__ENTRIES PROVIDED__.
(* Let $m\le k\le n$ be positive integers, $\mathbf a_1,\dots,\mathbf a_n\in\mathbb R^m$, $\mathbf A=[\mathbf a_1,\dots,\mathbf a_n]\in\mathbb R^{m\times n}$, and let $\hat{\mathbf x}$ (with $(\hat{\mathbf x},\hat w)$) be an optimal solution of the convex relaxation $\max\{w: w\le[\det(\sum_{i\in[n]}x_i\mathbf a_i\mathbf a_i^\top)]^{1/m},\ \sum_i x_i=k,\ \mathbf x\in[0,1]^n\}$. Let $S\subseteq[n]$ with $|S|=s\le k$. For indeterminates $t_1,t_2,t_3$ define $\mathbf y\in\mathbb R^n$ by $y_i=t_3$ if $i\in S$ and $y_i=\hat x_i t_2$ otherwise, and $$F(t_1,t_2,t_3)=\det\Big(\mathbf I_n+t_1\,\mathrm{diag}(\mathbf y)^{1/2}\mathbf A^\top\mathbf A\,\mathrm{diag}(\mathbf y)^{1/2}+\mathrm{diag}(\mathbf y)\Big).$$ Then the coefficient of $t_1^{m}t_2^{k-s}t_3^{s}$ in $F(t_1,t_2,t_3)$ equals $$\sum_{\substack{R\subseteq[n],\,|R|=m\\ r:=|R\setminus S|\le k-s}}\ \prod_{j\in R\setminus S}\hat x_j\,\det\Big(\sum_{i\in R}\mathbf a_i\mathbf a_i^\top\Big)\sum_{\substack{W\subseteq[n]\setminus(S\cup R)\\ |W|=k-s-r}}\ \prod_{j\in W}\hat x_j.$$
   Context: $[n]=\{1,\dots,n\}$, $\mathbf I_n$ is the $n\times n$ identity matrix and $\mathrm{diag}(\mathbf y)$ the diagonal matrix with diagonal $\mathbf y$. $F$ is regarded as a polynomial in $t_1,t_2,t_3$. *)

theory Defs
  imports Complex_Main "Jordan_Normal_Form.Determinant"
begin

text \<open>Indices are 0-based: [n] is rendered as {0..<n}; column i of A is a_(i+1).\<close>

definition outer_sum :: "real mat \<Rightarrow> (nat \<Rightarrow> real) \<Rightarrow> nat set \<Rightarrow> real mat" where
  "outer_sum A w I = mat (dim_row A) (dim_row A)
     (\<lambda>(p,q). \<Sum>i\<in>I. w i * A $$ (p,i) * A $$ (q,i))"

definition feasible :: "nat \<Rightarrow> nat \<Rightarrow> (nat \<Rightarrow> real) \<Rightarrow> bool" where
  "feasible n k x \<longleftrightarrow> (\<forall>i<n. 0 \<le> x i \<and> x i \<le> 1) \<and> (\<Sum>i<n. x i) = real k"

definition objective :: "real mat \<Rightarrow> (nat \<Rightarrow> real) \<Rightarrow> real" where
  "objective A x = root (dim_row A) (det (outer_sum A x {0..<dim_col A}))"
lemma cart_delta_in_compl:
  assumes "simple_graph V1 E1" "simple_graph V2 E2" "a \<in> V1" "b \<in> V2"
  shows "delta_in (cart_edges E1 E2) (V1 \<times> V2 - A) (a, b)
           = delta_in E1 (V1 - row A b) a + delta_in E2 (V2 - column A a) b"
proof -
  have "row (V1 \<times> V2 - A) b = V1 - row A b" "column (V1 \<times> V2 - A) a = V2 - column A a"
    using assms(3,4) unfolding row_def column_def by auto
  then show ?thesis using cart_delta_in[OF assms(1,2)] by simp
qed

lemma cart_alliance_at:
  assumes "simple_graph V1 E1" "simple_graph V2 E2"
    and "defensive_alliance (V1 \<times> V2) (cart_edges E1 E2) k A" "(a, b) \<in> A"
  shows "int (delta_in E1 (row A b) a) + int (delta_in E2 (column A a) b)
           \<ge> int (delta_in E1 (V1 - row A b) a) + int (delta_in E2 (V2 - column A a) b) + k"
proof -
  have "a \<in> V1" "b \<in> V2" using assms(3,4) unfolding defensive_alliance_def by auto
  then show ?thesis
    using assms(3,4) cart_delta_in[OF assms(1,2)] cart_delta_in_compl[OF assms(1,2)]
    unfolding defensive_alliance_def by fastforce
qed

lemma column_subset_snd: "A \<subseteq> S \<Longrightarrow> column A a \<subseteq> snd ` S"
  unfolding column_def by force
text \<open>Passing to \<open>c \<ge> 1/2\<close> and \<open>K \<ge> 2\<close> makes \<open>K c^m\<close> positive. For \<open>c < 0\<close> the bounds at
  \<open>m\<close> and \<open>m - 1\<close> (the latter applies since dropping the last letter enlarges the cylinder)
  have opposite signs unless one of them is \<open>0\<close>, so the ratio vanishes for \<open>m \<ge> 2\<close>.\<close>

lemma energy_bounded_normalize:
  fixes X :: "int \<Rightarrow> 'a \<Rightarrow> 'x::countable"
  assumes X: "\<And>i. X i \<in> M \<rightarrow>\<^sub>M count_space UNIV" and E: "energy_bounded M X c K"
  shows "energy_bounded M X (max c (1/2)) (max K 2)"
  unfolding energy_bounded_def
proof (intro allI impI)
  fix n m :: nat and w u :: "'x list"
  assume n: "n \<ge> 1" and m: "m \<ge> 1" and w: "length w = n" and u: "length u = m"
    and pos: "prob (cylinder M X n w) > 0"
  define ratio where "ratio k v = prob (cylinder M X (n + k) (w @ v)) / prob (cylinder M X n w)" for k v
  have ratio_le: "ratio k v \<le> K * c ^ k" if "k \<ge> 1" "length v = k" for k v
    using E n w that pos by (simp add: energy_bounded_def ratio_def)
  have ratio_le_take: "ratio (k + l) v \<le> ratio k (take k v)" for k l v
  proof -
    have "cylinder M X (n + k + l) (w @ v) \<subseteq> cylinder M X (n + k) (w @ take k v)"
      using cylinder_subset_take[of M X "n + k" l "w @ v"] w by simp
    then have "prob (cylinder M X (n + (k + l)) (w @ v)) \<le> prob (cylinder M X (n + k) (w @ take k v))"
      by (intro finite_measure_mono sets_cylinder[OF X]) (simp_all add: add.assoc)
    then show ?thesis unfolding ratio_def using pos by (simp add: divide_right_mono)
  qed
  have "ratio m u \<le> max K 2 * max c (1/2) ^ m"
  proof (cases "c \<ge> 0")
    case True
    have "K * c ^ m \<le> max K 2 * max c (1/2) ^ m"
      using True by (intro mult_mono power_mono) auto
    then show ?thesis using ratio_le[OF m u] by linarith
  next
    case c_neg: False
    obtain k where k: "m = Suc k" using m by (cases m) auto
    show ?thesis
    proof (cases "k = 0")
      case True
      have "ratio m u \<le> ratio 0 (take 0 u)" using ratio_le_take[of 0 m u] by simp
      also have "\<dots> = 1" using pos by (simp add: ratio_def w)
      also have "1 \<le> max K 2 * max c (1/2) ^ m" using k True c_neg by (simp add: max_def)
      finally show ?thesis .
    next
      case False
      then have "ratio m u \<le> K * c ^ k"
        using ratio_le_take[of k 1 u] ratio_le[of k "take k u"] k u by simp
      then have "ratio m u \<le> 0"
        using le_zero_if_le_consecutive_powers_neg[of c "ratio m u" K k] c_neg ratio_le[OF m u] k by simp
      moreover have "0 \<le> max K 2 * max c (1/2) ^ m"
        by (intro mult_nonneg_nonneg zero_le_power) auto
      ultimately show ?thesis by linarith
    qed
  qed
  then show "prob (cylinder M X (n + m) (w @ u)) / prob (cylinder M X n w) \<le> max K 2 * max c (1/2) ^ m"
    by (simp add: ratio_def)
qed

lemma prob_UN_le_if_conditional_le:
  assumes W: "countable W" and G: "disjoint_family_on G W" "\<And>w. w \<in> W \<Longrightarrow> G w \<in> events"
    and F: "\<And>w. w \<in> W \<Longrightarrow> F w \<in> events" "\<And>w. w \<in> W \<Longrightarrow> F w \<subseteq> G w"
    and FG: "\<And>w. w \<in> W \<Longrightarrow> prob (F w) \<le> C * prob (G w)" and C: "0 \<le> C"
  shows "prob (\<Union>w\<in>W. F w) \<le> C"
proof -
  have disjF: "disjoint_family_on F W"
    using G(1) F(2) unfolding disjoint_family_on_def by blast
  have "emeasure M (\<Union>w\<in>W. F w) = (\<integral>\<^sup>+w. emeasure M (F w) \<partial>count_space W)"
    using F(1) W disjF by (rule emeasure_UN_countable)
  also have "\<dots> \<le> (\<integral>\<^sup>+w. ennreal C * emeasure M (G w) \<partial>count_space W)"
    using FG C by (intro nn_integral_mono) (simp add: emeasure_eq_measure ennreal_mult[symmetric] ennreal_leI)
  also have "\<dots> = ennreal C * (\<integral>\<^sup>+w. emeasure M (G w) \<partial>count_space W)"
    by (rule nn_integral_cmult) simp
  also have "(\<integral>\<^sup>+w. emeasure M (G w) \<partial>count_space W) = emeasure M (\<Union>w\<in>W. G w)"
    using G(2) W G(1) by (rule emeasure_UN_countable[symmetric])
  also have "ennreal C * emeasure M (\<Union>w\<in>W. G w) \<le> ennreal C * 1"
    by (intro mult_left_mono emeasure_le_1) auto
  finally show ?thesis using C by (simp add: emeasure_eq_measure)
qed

__TASK PROMPT__.
Please report every line in the entries above that holds the string "lemma".

__SOLUTION TO THIS TASK__.
lemma cart_delta_in_compl:
lemma cart_alliance_at:
lemma column_subset_snd: "A \<subseteq> S \<Longrightarrow> column A a \<subseteq> snd ` S"
lemma energy_bounded_normalize:
lemma prob_UN_le_if_conditional_le:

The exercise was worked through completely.